(Beginning of EXTRACTED ENTRIES)

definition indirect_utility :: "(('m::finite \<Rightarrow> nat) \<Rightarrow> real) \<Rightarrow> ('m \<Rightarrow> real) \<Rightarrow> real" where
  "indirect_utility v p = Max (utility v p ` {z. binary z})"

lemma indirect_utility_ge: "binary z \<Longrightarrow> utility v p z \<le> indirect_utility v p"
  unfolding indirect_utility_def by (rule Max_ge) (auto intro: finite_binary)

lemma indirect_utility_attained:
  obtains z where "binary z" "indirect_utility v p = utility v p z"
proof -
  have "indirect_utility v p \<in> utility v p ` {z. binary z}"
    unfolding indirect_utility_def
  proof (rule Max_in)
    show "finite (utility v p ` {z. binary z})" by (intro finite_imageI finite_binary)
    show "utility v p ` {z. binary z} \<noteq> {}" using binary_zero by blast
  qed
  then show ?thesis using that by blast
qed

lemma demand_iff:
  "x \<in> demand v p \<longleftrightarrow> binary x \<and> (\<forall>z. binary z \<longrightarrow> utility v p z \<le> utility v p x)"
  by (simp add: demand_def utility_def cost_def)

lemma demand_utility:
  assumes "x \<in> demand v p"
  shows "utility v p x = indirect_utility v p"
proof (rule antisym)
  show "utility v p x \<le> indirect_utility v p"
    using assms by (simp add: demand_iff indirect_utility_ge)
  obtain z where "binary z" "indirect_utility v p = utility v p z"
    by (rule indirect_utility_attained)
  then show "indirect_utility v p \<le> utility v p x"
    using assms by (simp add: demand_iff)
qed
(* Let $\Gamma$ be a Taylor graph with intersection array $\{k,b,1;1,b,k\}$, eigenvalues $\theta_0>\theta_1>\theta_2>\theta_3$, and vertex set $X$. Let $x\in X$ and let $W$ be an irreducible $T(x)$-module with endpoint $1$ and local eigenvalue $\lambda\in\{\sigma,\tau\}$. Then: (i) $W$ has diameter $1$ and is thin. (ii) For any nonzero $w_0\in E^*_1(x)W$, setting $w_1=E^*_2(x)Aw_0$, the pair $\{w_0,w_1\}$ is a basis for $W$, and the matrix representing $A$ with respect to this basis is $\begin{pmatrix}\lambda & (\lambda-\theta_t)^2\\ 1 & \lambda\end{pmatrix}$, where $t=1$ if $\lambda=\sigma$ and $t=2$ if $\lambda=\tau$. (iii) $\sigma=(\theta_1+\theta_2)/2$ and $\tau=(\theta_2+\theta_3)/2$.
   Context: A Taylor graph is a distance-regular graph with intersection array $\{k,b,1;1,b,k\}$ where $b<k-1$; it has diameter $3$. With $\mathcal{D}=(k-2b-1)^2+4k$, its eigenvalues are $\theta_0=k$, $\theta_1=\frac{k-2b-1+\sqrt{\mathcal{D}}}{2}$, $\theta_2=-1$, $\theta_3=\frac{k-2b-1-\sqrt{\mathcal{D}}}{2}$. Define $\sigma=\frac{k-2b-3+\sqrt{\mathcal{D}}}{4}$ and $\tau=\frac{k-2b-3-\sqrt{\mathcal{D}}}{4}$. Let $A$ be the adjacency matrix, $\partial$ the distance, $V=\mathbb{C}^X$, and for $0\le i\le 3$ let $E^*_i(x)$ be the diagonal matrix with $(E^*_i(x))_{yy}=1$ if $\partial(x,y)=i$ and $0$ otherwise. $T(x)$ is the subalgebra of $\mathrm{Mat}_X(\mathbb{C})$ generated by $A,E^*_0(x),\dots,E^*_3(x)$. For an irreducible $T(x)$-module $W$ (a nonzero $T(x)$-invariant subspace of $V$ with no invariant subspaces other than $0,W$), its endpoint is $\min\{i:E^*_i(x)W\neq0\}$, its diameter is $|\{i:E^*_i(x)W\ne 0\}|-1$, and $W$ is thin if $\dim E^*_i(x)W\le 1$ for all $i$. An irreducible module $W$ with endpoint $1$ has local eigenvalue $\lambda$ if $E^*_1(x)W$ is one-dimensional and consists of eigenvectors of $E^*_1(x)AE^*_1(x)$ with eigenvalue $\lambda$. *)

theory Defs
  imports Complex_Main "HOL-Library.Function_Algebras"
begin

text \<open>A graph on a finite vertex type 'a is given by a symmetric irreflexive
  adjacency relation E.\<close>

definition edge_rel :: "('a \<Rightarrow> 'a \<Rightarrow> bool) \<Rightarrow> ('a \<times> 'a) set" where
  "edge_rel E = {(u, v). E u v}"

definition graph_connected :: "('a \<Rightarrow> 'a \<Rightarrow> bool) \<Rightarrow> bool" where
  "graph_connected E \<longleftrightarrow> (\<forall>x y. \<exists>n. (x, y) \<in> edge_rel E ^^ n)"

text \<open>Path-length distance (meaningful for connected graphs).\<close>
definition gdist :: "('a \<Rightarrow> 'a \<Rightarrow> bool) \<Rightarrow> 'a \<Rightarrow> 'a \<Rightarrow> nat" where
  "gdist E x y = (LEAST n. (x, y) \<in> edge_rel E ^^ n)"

(End of EXTRACTED ENTRIES)

Return each line of the material above that holds the string "vertex".

(* Let $\Gamma$ be a Taylor graph with intersection array $\{k,b,1;1,b,k\}$, eigenvalues $\theta_0>\theta_1>\theta_2>\theta_3$, and vertex set $X$. Let $x\in X$ and let $W$ be an irreducible $T(x)$-module with endpoint $1$ and local eigenvalue $\lambda\in\{\sigma,\tau\}$. Then: (i) $W$ has diameter $1$ and is thin. (ii) For any nonzero $w_0\in E^*_1(x)W$, setting $w_1=E^*_2(x)Aw_0$, the pair $\{w_0,w_1\}$ is a basis for $W$, and the matrix representing $A$ with respect to this basis is $\begin{pmatrix}\lambda & (\lambda-\theta_t)^2\\ 1 & \lambda\end{pmatrix}$, where $t=1$ if $\lambda=\sigma$ and $t=2$ if $\lambda=\tau$. (iii) $\sigma=(\theta_1+\theta_2)/2$ and $\tau=(\theta_2+\theta_3)/2$.
text \<open>A graph on a finite vertex type 'a is given by a symmetric irreflexive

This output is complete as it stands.